I have this struggle all the time. The machine I've got does the job but it isn't fast enough or powerful enough to load and run the latest gizmo. Naturally, I want the latest gizmo so I kludge the thing into sort of running then I bitch about how slow things are running. Mostly, the problem is in managing the size of the throughput. I'm one of those antiques who remembers writing code that had to pass through a 8-bit bus even on a mainframe. Remember the good old days of writing assembler for the 370? How 'bout Cobol? Pascal? Why, yes... there is quite a bit of grey in my beard. Like I said, my daughter (the one who needed communications during our circumnavigation a decade ago) is now a mother which makes me a doting grandfather. I honestly never thought that I'd live this long! Fortran? Hell, I used to teach the stuff at a university that didn't even have a college of computer science yet. Ah, the good old days.

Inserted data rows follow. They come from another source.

lemma lambda_norm_cube_indicator_le:
  assumes "weight w" and dec: "decreasing_pos w" and "0 < t0" and "0 < a"
  shows "lambda_norm w (cube_indicator a :: 'a::euclidean_space \<Rightarrow> real)
    \<le> (\<integral>\<^sup>+t\<in>{0<..<t0}. ennreal (w t) \<partial>lborel) + ennreal (w t0 * a)"
proof -
  have "lambda_norm w (cube_indicator a :: 'a \<Rightarrow> real)
      \<le> (\<integral>\<^sup>+t. ennreal (w t) * indicator {0<..<t0} t + ennreal (w t0) * indicator {0<..<a} t \<partial>lborel)"
    unfolding lambda_norm_cube_indicator[OF \<open>0 < a\<close>]
  proof (intro nn_integral_mono)
    fix t :: real
    show "ennreal (w t) * indicator {0<..<a} t
        \<le> ennreal (w t) * indicator {0<..<t0} t + ennreal (w t0) * indicator {0<..<a} t"
    proof (cases "t0 \<le> t")
      case True
      then show ?thesis
        using decreasing_posD[OF dec \<open>0 < t0\<close> True] by (simp add: indicator_def ennreal_leI)
    qed (simp add: indicator_def)
  qed
  also have "\<dots> = (\<integral>\<^sup>+t\<in>{0<..<t0}. ennreal (w t) \<partial>lborel)
      + (\<integral>\<^sup>+t. ennreal (w t0) * indicator {0<..<a} t \<partial>lborel)"
  proof -
    have [measurable]: "zero_ext w \<in> borel_measurable borel"
      by (rule weight_zero_ext_measurable) fact
    have "(\<lambda>t. ennreal (w t) * indicator {0<..<t0} t) = (\<lambda>t. ennreal (zero_ext w t) * indicator {0<..<t0} t)"
      by (auto simp: zero_ext_def indicator_def)
    then have "(\<lambda>t. ennreal (w t) * indicator {0<..<t0} t) \<in> borel_measurable lborel"
      by simp
    then show ?thesis by (rule nn_integral_add) simp
  qed
  also have "(\<integral>\<^sup>+t. ennreal (w t0) * indicator {0<..<a} t \<partial>lborel) = ennreal (w t0 * a)"
    using assms weight_nonneg[of w t0] by (simp add: nn_integral_cmult_indicator ennreal_mult)
  finally show ?thesis .
qed

lemma INF_min_inverse_Suc_mult_eq_0:
  "(INF n::nat. ennreal (min (1 / Suc n) (1 / t)) * ennreal x) = 0"
proof -
  define p where "p = max 0 x"
  have bound: "(INF n. ennreal (min (1 / Suc n) (1 / t)) * ennreal x) \<le> ennreal e" if "0 < e" for e
  proof -
    obtain n :: nat where "p / e < real n" using reals_Archimedean2 by blast
    then have "p / Suc n \<le> e"
      using \<open>0 < e\<close> by (simp add: field_simps p_def)
    have "(INF n. ennreal (min (1 / Suc n) (1 / t)) * ennreal x)
        \<le> ennreal (min (1 / Suc n) (1 / t)) * ennreal x"
      by (rule INF_lower) simp
    also have "\<dots> \<le> ennreal (1 / Suc n) * ennreal p"
      unfolding p_def by (intro mult_mono ennreal_leI) auto
    also have "\<dots> = ennreal (p / Suc n)"
      by (simp add: ennreal_mult'[symmetric])
    also have "\<dots> \<le> ennreal e"
      using \<open>p / Suc n \<le> e\<close> by (rule ennreal_leI)
    finally show ?thesis .
  qed
  have "(INF n. ennreal (min (1 / Suc n) (1 / t)) * ennreal x) \<le> 0"
  proof (rule ennreal_le_epsilon)
    fix e :: real assume "0 < e"
    then show "(INF n. ennreal (min (1 / Suc n) (1 / t)) * ennreal x) \<le> 0 + ennreal e"
      using bound by simp
  qed
  then show ?thesis by simp
qed

lemma INF_nn_integral_min_inverse_eq_0:
  fixes g :: "real \<Rightarrow> real"
  assumes [measurable]: "g \<in> borel_measurable borel"
    and finite: "(\<integral>\<^sup>+t. ennreal (min 1 (1 / t)) * ennreal (g t) \<partial>lborel) < \<infinity>"
  shows "(INF n. \<integral>\<^sup>+t. ennreal (min (1 / Suc n) (1 / t)) * ennreal (g t) \<partial>lborel) = 0"
proof -
  define h where "h n t = ennreal (min (1 / Suc n) (1 / t)) * ennreal (g t)" for n :: nat and t
  have h_measurable: "h n \<in> borel_measurable lborel" for n
    unfolding h_def by measurable
  have h_decseq: "decseq h"
  proof (intro decseq_SucI le_funI)
    fix n t
    have "1 / real (Suc (Suc n)) \<le> 1 / real (Suc n)" by (rule divide_left_mono) auto
    then show "h (Suc n) t \<le> h n t"
      unfolding h_def by (intro mult_right_mono ennreal_leI) auto
  qed
  have "(\<integral>\<^sup>+t. h 0 t \<partial>lborel) < \<infinity>"
    using finite by (simp add: h_def)
  then have INF_integral: "(INF n. \<integral>\<^sup>+t. h n t \<partial>lborel) = (\<integral>\<^sup>+t. (INF n. h n t) \<partial>lborel)"
    by (rule nn_integral_monotone_convergence_INF_decseq[symmetric, OF h_decseq h_measurable])
  have "(INF n. h n t) = 0" for t
    unfolding h_def by (rule INF_min_inverse_Suc_mult_eq_0)
  then show ?thesis
    using INF_integral by (simp add: h_def)
qed

text \<open>\<open>gamma_norm v (cube_indicator a) / a\<close> is the integral of \<open>min (1/a) (1/t) v(t)\<close>,
  which decreases to 0 by monotone convergence.\<close>
lemma gamma_norm_cube_indicator_sublinear:
  fixes C :: real
  assumes v[measurable]: "zero_ext v \<in> borel_measurable borel"
    and finite: "gamma_norm v (cube_indicator 1 :: 'a::euclidean_space \<Rightarrow> real) < \<infinity>"
  shows "\<exists>a>0. ennreal C * gamma_norm v (cube_indicator a :: 'a \<Rightarrow> real) < ennreal a"
proof -
  define I where "I n = (\<integral>\<^sup>+t. ennreal (min (1 / Suc n) (1 / t)) * ennreal (zero_ext v t) \<partial>lborel)"
    for n :: nat
  have gamma_I: "gamma_norm v (cube_indicator (Suc n) :: 'a \<Rightarrow> real) = ennreal (Suc n) * I n" for n
  proof -
    have "ennreal (min 1 (Suc n / t)) * ennreal (v t) * indicator {0<..} t
        = ennreal (Suc n) * (ennreal (min (1 / Suc n) (1 / t)) * ennreal (zero_ext v t))" for t
    proof -
      have "min 1 (Suc n / t) = Suc n * min (1 / Suc n) (1 / t)"
        by (simp add: min_mult_distrib_left)
      then show ?thesis
        by (simp add: zero_ext_def ennreal_mult' mult.assoc)
    qed
    then show ?thesis
      unfolding I_def by (simp add: gamma_norm_cube_indicator nn_integral_cmult)
  qed
  define K where "K = max C 0 + 1"
  have K: "0 < K" "C \<le> K" unfolding K_def by auto
  have "(INF n. I n) = 0"
    unfolding I_def using finite gamma_I[of 0]
    by (intro INF_nn_integral_min_inverse_eq_0) (simp_all add: I_def)
  moreover have "0 < ennreal (1 / K)"
    using K by simp
  ultimately have "(INF n. I n) < ennreal (1 / K)"
    by (simp only:)
  then obtain n where n: "I n < ennreal (1 / K)"
    unfolding INF_less_iff by blast
  have "ennreal C * gamma_norm v (cube_indicator (Suc n) :: 'a \<Rightarrow> real) \<le> ennreal K * (ennreal (Suc n) * I n)"
    unfolding gamma_I using K by (intro mult_right_mono ennreal_leI) simp_all
  also have "\<dots> < ennreal K * (ennreal (Suc n) * ennreal (1 / K))"
    using n K by (intro ennreal_mult_strict_left_mono) (simp_all add: add_pos_nonneg)
  also have "\<dots> = ennreal (Suc n) * (ennreal K * ennreal (1 / K))"
    by (rule mult.left_commute)
  also have "ennreal K * ennreal (1 / K) = 1"
    using K by (simp add: ennreal_mult'[symmetric])
  finally show ?thesis by (intro exI[of _ "real (Suc n)"]) simp
qed

section \<open>Inclusions between the spaces\<close>

lemma space_inclI:
  assumes "\<And>f. f \<in> borel_measurable lebesgue \<Longrightarrow> NY f \<le> ennreal C * NX f"
  shows "space_incl NX NY"
  unfolding space_incl_def
proof (intro exI[of _ "max C 1"] conjI ballI)
  fix f :: "'a \<Rightarrow> real" assume "f \<in> borel_measurable lebesgue"
  then have "NY f \<le> ennreal C * NX f" by (rule assms)
  also have "\<dots> \<le> ennreal (max C 1) * NX f"
    by (intro mult_right_mono ennreal_leI) simp_all
  finally show "NY f \<le> ennreal (max C 1) * NX f" .
qed simp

So I had to go hunt for a 16 bit WiFi card. Believe it or not, there is such a creature... a Wireless LAN Card GN-WLM01 from Gigabyte Technology. Works fine. I can't see any throughput issues rearing their ugly little heads to bite me yet... but we'll see. Truth be known, I want the wireless capacity so that I can check my email while on the boat, just like my younger friends on the Bumfuzzle. And, I'm willing to go a little slower getting there. At least until I win the Lottery and get one of the brand new laptops from IBM like Pat and Ali.

Just trying to stay alive. That's all I can hope to do in this Brave New World.

By the way, the inteview down in Bartow went very well yesteday. The big question is do I want to go down there and be a Child Protective Investigator for DCF. More cop stuff, eh?

Bob

Tuesday, June 21, 2005

~ SHUFFLING

I finally got in early enough to do some housecleaning in the trusty old blog. Actually, I've been trying to get Wretchard over at The Belmont Club to settle down and get his house in order with Blogger. This is one of those guys who should be read... like some others who have gone away in the last few years (Clueless, eh?). Anyhow, I've glad to see that there's a new variation up and He has apparently been slogging along without me for some time. Anyhow, I've got the template fixed for the time being. I know... I know... he's probably been fixed for months and I've just gotten the message, but at least I managed to get it going finally.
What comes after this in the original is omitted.